With large-scale visual datasets like ImageNet[1] and CIFAR-10 [2], most computer vision tasks are solved by supervised learning methods. Such an approach requires large amounts of labeled data, which is expensive. It is impractical to hire experts to label thousands of images, and institutes and companies are unwilling to share their data due to its commercial value. To overcome this issue, researchers have focused on semi-supervised and unsupervised methods.


In unsupervised learning, the model tries to uncover naturally occurring patterns in the data without supervision, i.e., pre-labeled samples. These models can be used in a generative sense or combined with supervised methods to improve performance on recognition tasks. In both cases, the model learns a latent space representation, i.e., a hyper-plane, on which, if one goes in a specific direction, the samples change in a specific manner. In generative tasks, the latent space representation is used as the starting point for generating the random samples. However, task-specific layers are attached to the model in recognition tasks. In this case, the representation is desired to be invariant to a pre-defined set of augmentations. However, learning augmentation-specific information means the loss of generalization for the model. Hence, researchers try to prevent this information loss and obtain more generalizable representations.
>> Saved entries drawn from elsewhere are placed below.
lemma sum_lessThan_mult_div_mod:
  fixes M N :: nat and g :: "nat \<Rightarrow> nat \<Rightarrow> 'a::comm_monoid_add"
  shows "(\<Sum>k<M * N. g (k div N) (k mod N)) = (\<Sum>j<M. \<Sum>l<N. g j l)"
  using sum.reindex_bij_betw[OF bij_betw_div_mod, of "\<lambda>(j, l). g j l" N M]
  by (simp add: sum.cartesian_product)

lemma hermitian_mat_carrier: "hermitian_mat N R \<Longrightarrow> R \<in> carrier_mat N N"
  unfolding hermitian_mat_def by blast

lemma hermitian_mat_entry:
  "hermitian_mat N R \<Longrightarrow> j < N \<Longrightarrow> l < N \<Longrightarrow> R $$ (j, l) = cnj (R $$ (l, j))"
  unfolding hermitian_mat_def by blast

lemma hermitian_mat_diag_real: "hermitian_mat N R \<Longrightarrow> j < N \<Longrightarrow> Im (R $$ (j, j)) = 0"
  using hermitian_mat_entry[of N R j j] by (simp add: complex_eq_iff)

lemma density_mat_hermitian: "density_mat N R \<Longrightarrow> hermitian_mat N R"
  unfolding density_mat_def psd_mat_def by blast

lemma density_mat_carrier: "density_mat N R \<Longrightarrow> R \<in> carrier_mat N N"
  using density_mat_hermitian hermitian_mat_carrier by blast

lemma density_mat_trace: "density_mat N R \<Longrightarrow> mat_trace R = 1"
  unfolding density_mat_def by blast
lemma least_bound_sum_sq_norm_mat_apply:
  fixes A :: "real mat" and y :: "nat \<Rightarrow> real"
  assumes ds: "doubly_stochastic N A" and y: "(\<Sum>i<N. y i) = 0" "sum_sq_norm N y \<noteq> 0"
  obtains s where "\<forall>y :: nat \<Rightarrow> real. (\<Sum>i<N. y i) = 0 \<longrightarrow>
      sum_sq_norm N (mat_apply A N y) \<le> s * sum_sq_norm N y"
    and "\<forall>\<epsilon>>0. \<exists>y :: nat \<Rightarrow> real. (\<Sum>i<N. y i) = 0 \<and> sum_sq_norm N y = 1 \<and>
      s - \<epsilon> < sum_sq_norm N (mat_apply A N y)"
proof -
  define F where "F y = sum_sq_norm N (mat_apply A N y)" for y :: "nat \<Rightarrow> real"
  define U where "U = {y :: nat \<Rightarrow> real. (\<Sum>i<N. y i) = 0 \<and> sum_sq_norm N y = 1}"
  define s where "s = (SUP y\<in>U. F y)"
  have "(\<lambda>i. (1 / sqrt (sum_sq_norm N y)) * y i) \<in> U"
    using y sum_sq_norm_scaleR[of N "1 / sqrt (sum_sq_norm N y)" y] sum_sq_norm_nonneg[of N y]
    unfolding U_def by (simp add: power_divide flip: sum_divide_distrib)
  then have U: "U \<noteq> {}" by blast
  have bdd: "bdd_above (F ` U)"
  proof (rule bdd_aboveI2)
    fix z assume "z \<in> U"
    then show "F z \<le> 1" using sum_sq_norm_mat_apply_le[OF ds, of z] unfolding U_def F_def by simp
  qed
  have "\<forall>y. (\<Sum>i<N. y i) = 0 \<longrightarrow> F y \<le> s * sum_sq_norm N y"
    unfolding F_def by (intro allI impI sum_sq_norm_mat_apply_le_homogeneous)
      (use cSUP_upper[OF _ bdd] in \<open>auto simp: s_def U_def F_def\<close>)
  moreover have "\<forall>\<epsilon>>0. \<exists>y. (\<Sum>i<N. y i) = 0 \<and> sum_sq_norm N y = 1 \<and> s - \<epsilon> < F y"
  proof (intro allI impI)
    fix \<epsilon> :: real assume "0 < \<epsilon>"
    then obtain y where "y \<in> U" "s - \<epsilon> < F y"
      using less_cSUP_iff[OF U bdd, of "s - \<epsilon>"] unfolding s_def by auto
    then show "\<exists>y. (\<Sum>i<N. y i) = 0 \<and> sum_sq_norm N y = 1 \<and> s - \<epsilon> < F y"
      unfolding U_def by blast
  qed
  ultimately show thesis using that unfolding F_def by blast
qed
Another crucial question to answer before using unsupervised learning methods is when it is possible to recover the independent factors that specify movement directions on the hyper-plane. While training an unsupervised model, one must make strong assumptions to ensure the latent variables do not move away from the desired independent factors, i.e., disentangled. Some of the most widely made assumptions are smoothness, low-density, and manifold assumptions [3]. Several methods that try to minimize information loss due to augmentation-specific and propose generalized assumptions for disentanglement are covered in the following sections.


Augmentation Invariant Feature Representations


Many unsupervised representation learning models try to solve the instance discrimination task where several transformations are applied to each image in the dataset. The model is expected to assign original images and their transformed versions to different classes. One approach to solving this task is to use contrastive loss. MOCO[4] randomly transforms the image twice and takes these as the positive pair for contrastive loss. Then, another image from the dataset is selected as the negative sample. A memory bank is used to keep a queue of encoded negative samples to reduce the requirement of GPU memory size. Since the memory requirement for memorizing encodings for each sample is large, MOCO divides data into mini-batches which may cause inconsistencies between batches. Therefore, a momentum parameter is tracked and updated to ensure the encoders for different mini-batches do not differ much. Once the model is trained, different heads are attached, and the combined model is fine-tuned for the specific task. It is shown that MOCO improves results for various tasks, from object detection to segmentation and pose estimation.

In 2021, Lee et al. [5] improved the results of MOCO by introducing an auxiliary self-supervised loss to be optimized. With such a modification, the study claims that the model can learn to predict the difference between the augmentation parameters of two randomly augmented versions. Although the modified model, MOCO + AugSelf, performs better on 10 out of 11 datasets, one should add a different term to the loss for each augmentation type used to train the model. Hence, defining a differentiable loss for some augmentation types, such as GAN-based ones, might not be possible.


Figure 1. Contrastive instance learning on the left vs. Swapping Assignments between Views (SwAV) on the right. [6]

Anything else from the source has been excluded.